At Swedish EV company Polestar, bio-material design and innovation are completely rewriting the script on what a car interior can be.
For Maria Uggla, Head of Colour and Material Design at Polestar, innovation means rejecting the binary of performance versus sustainability. Instead the impetus is to embrace both with equal intensity.
“People often talk about compromise,” Uggla says, “but we don’t do that. Our job is to create desire for the right choice.” That guiding ethos runs through Polestar’s approach to everything, including materiality. Sustainability is never an afterthought, it’s an active design parameter, one that demands as much creativity and rigour as the form of the car itself.


At the heart of the company’s philosophy is a commitment to non-traditional approaches, which is applied to materiality.
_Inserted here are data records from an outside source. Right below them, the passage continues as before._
theorem lemma4:
  fixes f :: "real^'n::finite \<Rightarrow> real"
    and \<psi> :: "real \<Rightarrow> real^'n \<Rightarrow> real"
    and \<epsilon> :: real
  assumes f: "f \<in> A_tilde"
    and psi_nonneg: "\<And>\<delta> x. \<delta> > 0 \<Longrightarrow> \<psi> \<delta> x \<ge> 0"
    and psi_radial: "\<And>\<delta> x y. \<delta> > 0 \<Longrightarrow> norm x = norm y \<Longrightarrow> \<psi> \<delta> x = \<psi> \<delta> y"
    and psi_smooth: "\<And>\<delta>. \<delta> > 0 \<Longrightarrow> smooth_fun (\<psi> \<delta>)"
    and psi_supp: "\<And>\<delta>. \<delta> > 0 \<Longrightarrow> closure {x. \<psi> \<delta> x \<noteq> 0} \<subseteq> ball 0 \<delta>"
    and psi_int: "\<And>\<delta>. \<delta> > 0 \<Longrightarrow> integrable lebesgue (\<psi> \<delta>)"
    and psi_L1: "\<And>\<delta>. \<delta> > 0 \<Longrightarrow> (\<integral>x. \<bar>\<psi> \<delta> x\<bar> \<partial>lebesgue) = 1"
    and eps: "\<epsilon> > 0"
  shows "\<exists>\<delta>>0.
    (let \<phi> = conv (\<lambda>x. complex_of_real (\<psi> \<delta> x)) (\<lambda>x. complex_of_real (\<psi> \<delta> x));
         g = conv (\<lambda>x. complex_of_real (f x)) \<phi>;
         h = (\<lambda>x. conv (fourier g) \<phi> x + g x * fourier \<phi> x)
     in (\<forall>x. Im (h x) = 0) \<and> schwartz h \<and> fourier h = h \<and> Re (h 0) < 0
        \<and> rad (\<lambda>x. Re (h x)) \<le> rad f + \<epsilon>)"
proof -
  have "isCont f 0" using A_tildeD(1)[OF f] by (simp add: continuous_on_eq_continuous_at)
  moreover have "- f 0 / 4 > 0" using A_tildeD(5)[OF f] by simp
  ultimately obtain \<eta> where \<eta>: "\<eta> > 0" and near: "\<And>y. norm y < \<eta> \<Longrightarrow> \<bar>f y - f 0\<bar> < - f 0 / 4"
    unfolding continuous_at_eps_delta by (metis dist_norm diff_zero real_norm_def)
  define \<delta> where "\<delta> = min (\<epsilon> / 2) (min (\<eta> / 2) (1 / 20))"
  have \<delta>: "\<delta> > 0" using eps \<eta> by (simp add: \<delta>_def)
  interpret smoothing "\<psi> \<delta>" \<delta> f
  proof unfold_locales
    show "\<psi> \<delta> (- x) = \<psi> \<delta> x" for x by (rule psi_radial[OF \<delta>]) simp
    show "norm x < \<delta>" if "\<psi> \<delta> x \<noteq> 0" for x
      using psi_supp[OF \<delta>] closure_subset[of "{x. \<psi> \<delta> x \<noteq> 0}"] that by auto
  qed (use \<delta> psi_nonneg psi_smooth psi_L1 f in auto)
  have "Re (h 0) < 0" by (rule Re_h_zero_neg) (use near in \<open>auto simp: \<delta>_def\<close>)
  moreover have "rad (\<lambda>x. Re (h x)) \<le> rad f + \<epsilon>" by (rule rad_Re_h_le) (use eps in \<open>auto simp: \<delta>_def\<close>)
  ultimately show ?thesis
    using \<delta> Im_h schwartz_h fourier_h unfolding Let_def h_def g_def F_def phi_def psc_def by auto
qed
lemma norm_cint_mult_pderiv_le:
  fixes u :: "'d::finite config \<Rightarrow> real" and \<mu> :: "'d cmeasure"
  assumes \<mu>: "is_cborel \<mu>" and \<phi>: "test_fun p \<phi>"
    and u_dep: "depends_finitely u" and u_meas: "u \<in> borel_measurable OmegaB"
    and u_bound: "\<And>x. x \<in> Omega \<Longrightarrow> \<bar>u x\<bar> \<le> S"
    and u_lip: "\<And>x t t'. x \<in> Omega \<Longrightarrow> t \<in> {0..1} \<Longrightarrow> t' \<in> {0..1} \<Longrightarrow>
                  \<bar>u (x(p := t)) - u (x(p := t'))\<bar> \<le> l * \<bar>t - t'\<bar>"
    and l: "0 \<le> l" and v: "VarP p (cint \<mu>) \<le> ereal v" and \<tau>: "tvnorm \<mu> \<le> ereal \<tau>"
  shows "cmod (cint \<mu> (\<lambda>x. u x * pderiv_at p \<phi> x)) \<le> S * v + l * \<tau>"
proof (rule field_le_epsilon)
  fix \<epsilon> :: real assume "0 < \<epsilon>"
  obtain m1 m2 m3 m4 where \<mu>_eq: "\<mu> = (m1, m2, m3, m4)" by (cases \<mu>)
  have ms: "finite {m1, m2, m3, m4}" "\<And>m. m \<in> {m1, m2, m3, m4} \<Longrightarrow> finite_measure m \<and> sets m = sets OmegaB"
    using \<mu> by (auto simp: \<mu>_eq is_cborel_def)
  have \<phi>1: "partially_C1 p \<phi>" and \<phi>_le: "\<And>x. x \<in> Omega \<Longrightarrow> cmod (\<phi> x) \<le> 1"
    using \<phi> by (auto simp: test_fun_iff)
  obtain C where C: "0 \<le> C" "\<And>x. x \<in> Omega \<Longrightarrow> cmod (pderiv_at p \<phi> x) \<le> C"
    using partially_C1_pderiv_bounded[OF \<phi>1] by blast
  define e where "e = \<epsilon> / (4 * (C + 1))"
  have e: "0 < e" "4 * (C * e) \<le> \<epsilon>"
    using \<open>0 < \<epsilon>\<close> C(1) by (auto simp: e_def field_simps)
  obtain W where W: "partially_C1 p W" "\<And>x. x \<in> Omega \<Longrightarrow> cmod (W x) \<le> S"
      "\<And>x. x \<in> Omega \<Longrightarrow> cmod (pderiv_at p W x) \<le> l"
    and W_err: "\<And>m. m \<in> {m1, m2, m3, m4} \<Longrightarrow> (\<integral>\<^sup>+x. ennreal (cmod (W x - u x)) \<partial>m) \<le> ennreal e"
    by (rule smooth_L1_approximation[OF ms u_dep u_meas u_bound u_lip l e(1)]) blast+
  have S: "0 \<le> S" using u_bound[OF zero_in_Omega] by linarith
  have u_bounded: "bounded (u ` Omega)" using u_bound by (intro boundedI) auto
  have "cmod (cint \<mu> (pderiv_at p (\<lambda>x. W x * \<phi> x))) \<le> S * v"
    using mult_mono[OF W(2) \<phi>_le] S
    by (intro norm_cint_pderiv_le_VarP[OF \<mu> v partially_C1_mult[OF W(1) \<phi>1]]) (simp add: norm_mult)
  moreover have "cmod (cint \<mu> (\<lambda>x. pderiv_at p W x * \<phi> x)) \<le> l * \<tau>"
    using mult_mono[OF W(3) \<phi>_le] l W(1) \<phi>1 unfolding partially_C1_def
    by (intro norm_cint_le_tvnorm[OF \<mu> \<tau>])
       (auto simp: norm_mult intro!: continuous_on_Omega_imp_measurable continuous_intros)
  moreover have "W \<in> borel_measurable OmegaB"
    using W(1) unfolding partially_C1_def by (auto intro: continuous_on_Omega_imp_measurable)
  then have "(\<lambda>x. complex_of_real (u x) - W x) \<in> borel_measurable OmegaB" using u_meas by measurable
  then have "cmod (cint \<mu> (\<lambda>x. (u x - W x) * pderiv_at p \<phi> x)) \<le> 4 * (C * e)"
    using \<mu> C e(1) W_err unfolding \<mu>_eq by (intro norm_cint_mult_le) (auto simp: norm_minus_commute)
  moreover have "cmod (cint \<mu> (\<lambda>x. u x * pderiv_at p \<phi> x))
      \<le> cmod (cint \<mu> (pderiv_at p (\<lambda>x. W x * \<phi> x))) + cmod (cint \<mu> (\<lambda>x. pderiv_at p W x * \<phi> x))
        + cmod (cint \<mu> (\<lambda>x. (u x - W x) * pderiv_at p \<phi> x))"
    unfolding cint_mult_pderiv_eq[OF \<mu> W(1) \<phi>1 u_meas u_bounded]
    by (rule order.trans[OF norm_triangle_ineq add_right_mono[OF norm_triangle_ineq4]])
  ultimately show "cmod (cint \<mu> (\<lambda>x. u x * pderiv_at p \<phi> x)) \<le> S * v + l * \<tau> + \<epsilon>"
    using e(2) by linarith
qed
For example, the seat backrest on the Polestar 3 is made from BComp a flax-based bio-composite – this new and alternative material took three years of R&D to bring to market. But this is just one example of how long-term thinking and collaboration can yield groundbreaking results. “People didn’t realise how immature that material was when we started,” Uggla recalls. “We had to prove it could work in an automotive context.”
Through this willingness to start from scratch, Uggla has led textile experiments inspired not by the auto industry, but by fashion. Flat-knitted recycled polyester, influenced by Nike’s Flyknit, was developed using advanced weaving techniques that allow for zero waste and create a pre-programmed structure. “Textile in automotive is usually the lowest of the low. We wanted to elevate it – make it desirable,” Uggla says.


A key part of Polestar’s process is the early-stage development of “material scenarios”, which map out potential lifecycles, sources and applications for each material before a design is locked in. For Polestar 3, this meant reducing virgin materials, sourcing waste-derived alternatives, and designing with circularity in mind from the outset. “We’re constantly exploring how to create better material generations,” Uggla explains.
Transparency underpins it all. Polestar’s Life Cycle Assessments (LCAs) are published for each model, with full emissions disclosures and material impact breakdowns. “It’s complicated,” Uggla admits, adding, “But showing that complexity is how we avoid greenwashing. Sustainability isn’t a trend – it’s a necessity.”
The future of car interiors might not be stitched in leather or moulded in plastic, but rather grown, woven, pressed and reimagined.